Commodity Trading Tips: Crude oil futures closed with slim losses in the domestic market on Wednesday as investors weighed a massive build in US storage levels that threatened to exacerbate concerns over a global supply glut, while the stellar rally witnessed in the energy commodity in recent sessions paved the way for profit booking, at existing levels.
The EIA said that US crude oil stockpiles jumped by 10.4 million barrels to 518 million barrels last week, almost thrice the 3.6 million barrels build expected by analysts.
The industry-funded American Petroleum Institute (API) late Tuesday reported a 9.9 million barrels rise in US crude oil stockpiles last week.

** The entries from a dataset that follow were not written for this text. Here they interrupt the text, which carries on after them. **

(* Let $A$ be a linear Nakayama algebra with $n$ simple modules, with vertices labelled $1,\dots,n$ so that the arrows are exactly $i\to i+1$ for $1\le i<n$. Then the Coxeter permutation of $A$ (with respect to this labelling) coincides with Ringel's homological permutation $\hat h$ of $A$.
   Context: A linear Nakayama algebra is $A=KQ/I$, $K$ a field, $Q$ the quiver $1\to 2\to\cdots\to n$ and $I$ an admissible ideal; it has finite global dimension. Modules are finitely generated right modules; $S(i)$, $P(i)$, $I(i)$ denote the simple, indecomposable projective and indecomposable injective modules at vertex $i$. The Cartan matrix $\phi_A$ has entries $\phi_{i,j}=\dim_K e_jAe_i$; the Coxeter matrix is $C_A=-\phi_A^T\phi_A^{-1}$. A Bruhat decomposition of an invertible matrix $M$ is $M=U_1PU_2$ with $U_1,U_2$ invertible upper triangular and $P$ a permutation matrix (uniquely determined). The Coxeter permutation is $p_c$ with $p_c(i)=j$ if the nonzero entry in column $i$ of $P$ (from $C_A=U_1PU_2$) lies in row $j$. Ringel's homological bijection: for a simple module $S$ with injective envelope $I(S)$, let $e(S)=\min\{\operatorname{pd} S,\operatorname{pd} I(S)\}$, let $NS=I(S)$ if $e(S)$ is even and $NS=S$ if $e(S)$ is odd, and set $h(S)=\operatorname{top}\Omega^{e(S)}(NS)$ (top of the $e(S)$-th syzygy). The homological permutation $\hat h$ of $\{1,\dots,n\}$ is defined by $\hat h(i)=j$ iff $h(S(i))\cong S(j)$. *)

theory Defs
  imports "Jordan_Normal_Form.Matrix" "HOL-Combinatorics.Permutations"
begin

(* A linear Nakayama algebra A = KQ/I, Q = 1 -> 2 -> ... -> n, I admissible, is determined
   up to isomorphism by its Kupisch series c, where c i = dim_K P(i) = length of the
   indecomposable projective right module P(i) = e_i A.  With paths composed left to right,
   P(i) is uniserial with composition factors S(i), S(i+1), ..., S(i + c i - 1) (top S(i)).
   Admissibility of I means exactly: c n = 1, c i >= 2 for i < n, c (i+1) >= c i - 1. *)
definition linear_nakayama :: "nat \<Rightarrow> (nat \<Rightarrow> nat) \<Rightarrow> bool" where
  "linear_nakayama n c \<longleftrightarrow> 1 \<le> n \<and> c n = 1 \<and>
     (\<forall>i. 1 \<le> i \<and> i < n \<longrightarrow> 2 \<le> c i \<and> c i \<le> c (i + 1) + 1)"

(* Indecomposable modules of A are the uniserial (interval) modules:
   the pair (a, b) with a \<le> b \<le> a + c a - 1 denotes the module P(a)/rad^(b-a+1) P(a),
   with composition factors S(a), ..., S(b), top S(a) and socle S(b).
   The zero module is represented by None. *)
type_synonym imod = "nat \<times> nat"

definition proj_end :: "(nat \<Rightarrow> nat) \<Rightarrow> nat \<Rightarrow> nat" where
  "proj_end c a = a + c a - 1"

definition simple_mod :: "nat \<Rightarrow> imod" where
  "simple_mod i = (i, i)"

definition top_vertex :: "imod \<Rightarrow> nat" where
  "top_vertex M = fst M"

(* injective envelope I(S(i)) = I(i): the uniserial module with socle S(i) of maximal length,
   i.e. (a, i) with a the least vertex such that S(i) is a composition factor of P(a) *)
definition inj_env_simple :: "(nat \<Rightarrow> nat) \<Rightarrow> nat \<Rightarrow> imod" where
  "inj_env_simple c i = ((LEAST a. 1 \<le> a \<and> a \<le> i \<and> i \<le> proj_end c a), i)"

(* first syzygy: kernel of the projective cover P(a) -> (a, b) *)
definition syz :: "(nat \<Rightarrow> nat) \<Rightarrow> imod option \<Rightarrow> imod option" where
  "syz c M = (case M of None \<Rightarrow> None
      | Some (a, b) \<Rightarrow> (if b < proj_end c a then Some (b + 1, proj_end c a) else None))"

definition syzygy :: "(nat \<Rightarrow> nat) \<Rightarrow> nat \<Rightarrow> imod option \<Rightarrow> imod option" where
  "syzygy c k M = (syz c ^^ k) M"

definition proj_dim :: "(nat \<Rightarrow> nat) \<Rightarrow> imod \<Rightarrow> nat" where
  "proj_dim c M = (LEAST k. syzygy c (Suc k) (Some M) = None)"

definition e_val :: "(nat \<Rightarrow> nat) \<Rightarrow> nat \<Rightarrow> nat" where
  "e_val c i = min (proj_dim c (simple_mod i)) (proj_dim c (inj_env_simple c i))"

definition N_mod :: "(nat \<Rightarrow> nat) \<Rightarrow> nat \<Rightarrow> imod" where
  "N_mod c i = (if even (e_val c i) then inj_env_simple c i else simple_mod i)"

(* h(S(i)) = top of Omega^{e(S(i))}(N S(i)); hhat i = j iff h(S(i)) = S(j) *)
definition hom_perm :: "nat \<Rightarrow> (nat \<Rightarrow> nat) \<Rightarrow> nat \<Rightarrow> nat" where
  "hom_perm n c i = (if 1 \<le> i \<and> i \<le> n
      then top_vertex (the (syzygy c (e_val c i) (Some (N_mod c i)))) else i)"

(* Matrices: vertex k (1 \<le> k \<le> n) corresponds to matrix index k - 1. *)

(* Cartan matrix: phi_{i,j} = dim_K e_j A e_i = multiplicity of S(i) in P(j) *)
definition cartan :: "nat \<Rightarrow> (nat \<Rightarrow> nat) \<Rightarrow> rat mat" where
  "cartan n c = mat n n (\<lambda>(r, s). let i = r + 1; j = s + 1 in
      if j \<le> i \<and> i \<le> proj_end c j then 1 else 0)"

definition mat_inv :: "nat \<Rightarrow> rat mat \<Rightarrow> rat mat" where
  "mat_inv n M = (THE B. B \<in> carrier_mat n n \<and> inverts_mat M B \<and> inverts_mat B M)"

definition coxeter :: "nat \<Rightarrow> (nat \<Rightarrow> nat) \<Rightarrow> rat mat" where
  "coxeter n c = - (transpose_mat (cartan n c) * mat_inv n (cartan n c))"

definition perm_matrix :: "nat \<Rightarrow> (nat \<Rightarrow> nat) \<Rightarrow> rat mat" where
  "perm_matrix n p = mat n n (\<lambda>(r, s). if r + 1 = p (s + 1) then 1 else 0)"

definition bruhat_perm :: "nat \<Rightarrow> rat mat \<Rightarrow> (nat \<Rightarrow> nat) \<Rightarrow> bool" where
  "bruhat_perm n M p \<longleftrightarrow> p permutes {1..n} \<and>
     (\<exists>U1 U2. U1 \<in> carrier_mat n n \<and> U2 \<in> carrier_mat n n \<and>
        upper_triangular U1 \<and> upper_triangular U2 \<and> invertible_mat U1 \<and> invertible_mat U2 \<and>
        M = U1 * perm_matrix n p * U2)"

definition coxeter_perm :: "nat \<Rightarrow> (nat \<Rightarrow> nat) \<Rightarrow> nat \<Rightarrow> nat" where
  "coxeter_perm n c = (THE p. bruhat_perm n (coxeter n c) p)"

end

theory Submission
  imports Defs "Jordan_Normal_Form.Determinant"
begin

(* Every indecomposable module is an interval, and the syzygies of the interval (x, y) run along
   the zigzag x, y, F x, F y, F^2 x, ..., where F u is the vertex one past the socle of P(u).
   Comparing the zigzags of S(j) and I(j) shows that h(S(j)) is the least top of a last syzygy
   among the intervals with socle S(j) between I(j) and S(j).
   Let A be the matrix whose j-th column lists the alternating multiplicities of the projectives
   in the resolution of N S(j); then phi A = V, the upper unitriangular matrix of dimension
   vectors of the N S(j). Column j of A ends in row h(S(j)), so A = T P_h with T upper
   triangular and C_A = -phi^T phi^-1 = (-phi^T T) P_h V^-1 is a Bruhat decomposition.
   Injectivity of h comes from a linear functional, built from the F-orbits, that kills the
   columns of phi below h(S(j)) and the dimension vectors of N S(i) for i < j, but not that of
   N S(j). *)

section \<open>Triangular matrices and Bruhat decompositions\<close>

lemma sum_eq_single:
  assumes "finite A" "i \<in> A" "\<And>k. k \<in> A \<Longrightarrow> k \<noteq> i \<Longrightarrow> g k = 0"
  shows "sum g A = g i"
  using sum.remove[OF assms(1,2), of g] sum.neutral[of "A - {i}" g] assms(3) by simp

lemma mult_mat_index_sum:
  assumes "A \<in> carrier_mat n m" "B \<in> carrier_mat m p" "i < n" "j < p"
  shows "(A * B) $$ (i, j) = (\<Sum>k<m. A $$ (i, k) * B $$ (k, j))"
  using assms by (simp add: scalar_prod_def lessThan_atLeast0)

lemma upper_triangular_mult:
  fixes A B :: "'a :: semiring_0 mat"
  assumes A: "A \<in> carrier_mat n n" and B: "B \<in> carrier_mat n n"
    and uA: "upper_triangular A" and uB: "upper_triangular B"
  shows "upper_triangular (A * B)"
proof
  fix i j assume ji: "j < i" and "i < dim_row (A * B)"
  then have i: "i < n" using A by simp
  have "A $$ (i, k) * B $$ (k, j) = 0" if "k < n" for k
  proof (cases "k < i")
    case True then show ?thesis using upper_triangularD[OF uA True] A i by simp
  next
    case False then show ?thesis using upper_triangularD[OF uB, of j k] ji B that by simp
  qed
  then show "(A * B) $$ (i, j) = 0"
    using mult_mat_index_sum[OF A B i, of j] ji i by simp
qed

lemma upper_triangular_uminus:
  fixes A :: "'a :: group_add mat"
  assumes "A \<in> carrier_mat n n" "upper_triangular A"
  shows "upper_triangular (- A)"
  using assms unfolding upper_triangular_def by simp

lemma diag_mult_upper_triangular:
  fixes A B :: "'a :: semiring_0 mat"
  assumes A: "A \<in> carrier_mat n n" and B: "B \<in> carrier_mat n n"
    and uA: "upper_triangular A" and uB: "upper_triangular B" and i: "i < n"
  shows "(A * B) $$ (i, i) = A $$ (i, i) * B $$ (i, i)"
proof -
  have "A $$ (i, k) * B $$ (k, i) = 0" if "k < n" "k \<noteq> i" for k
  proof (cases "k < i")
    case True then show ?thesis using upper_triangularD[OF uA True] A i by simp
  next
    case False
    then have "i < k" using that by simp
    then show ?thesis using upper_triangularD[OF uB] B that by simp
  qed
  then show ?thesis
    using mult_mat_index_sum[OF A B i i] sum_eq_single[of "{..<n}" i "\<lambda>k. A $$ (i, k) * B $$ (k, i)"] i
    by simp
qed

Refinery demand was strong as fuel plants processed 16 million barrels of crude per day last week, the highest for this time of year since 1989.
A drop in US crude output by 25,000 barrels per day to 9.077 million barrels per day last week, supported prices.
Upbeat US private jobs data signaled strength in the world’s biggest economy, supporting crude’s demand outlook. Private payrolls in the US rose 214,000 in February, up from a revised 193,000 in January.
A gauge of business activity in New York fell to 53.6 in February from 54.6 in January, with a reading above 50 signaling expansion. The Fed’s Beige Book Survey showed that US economic activity continued to expand in most districts from January to late February.
Oil may rise today as falling US crude output eases worries of oversupplies.
At the MCX, Crude oil futures, for the March 2016 contract, closed at Rs 2,341 per barrel, down by 0.09 per cent, after opening at 2,321, against the previous close price of Rs 2,343. It touched an intraday low of Rs 2,280.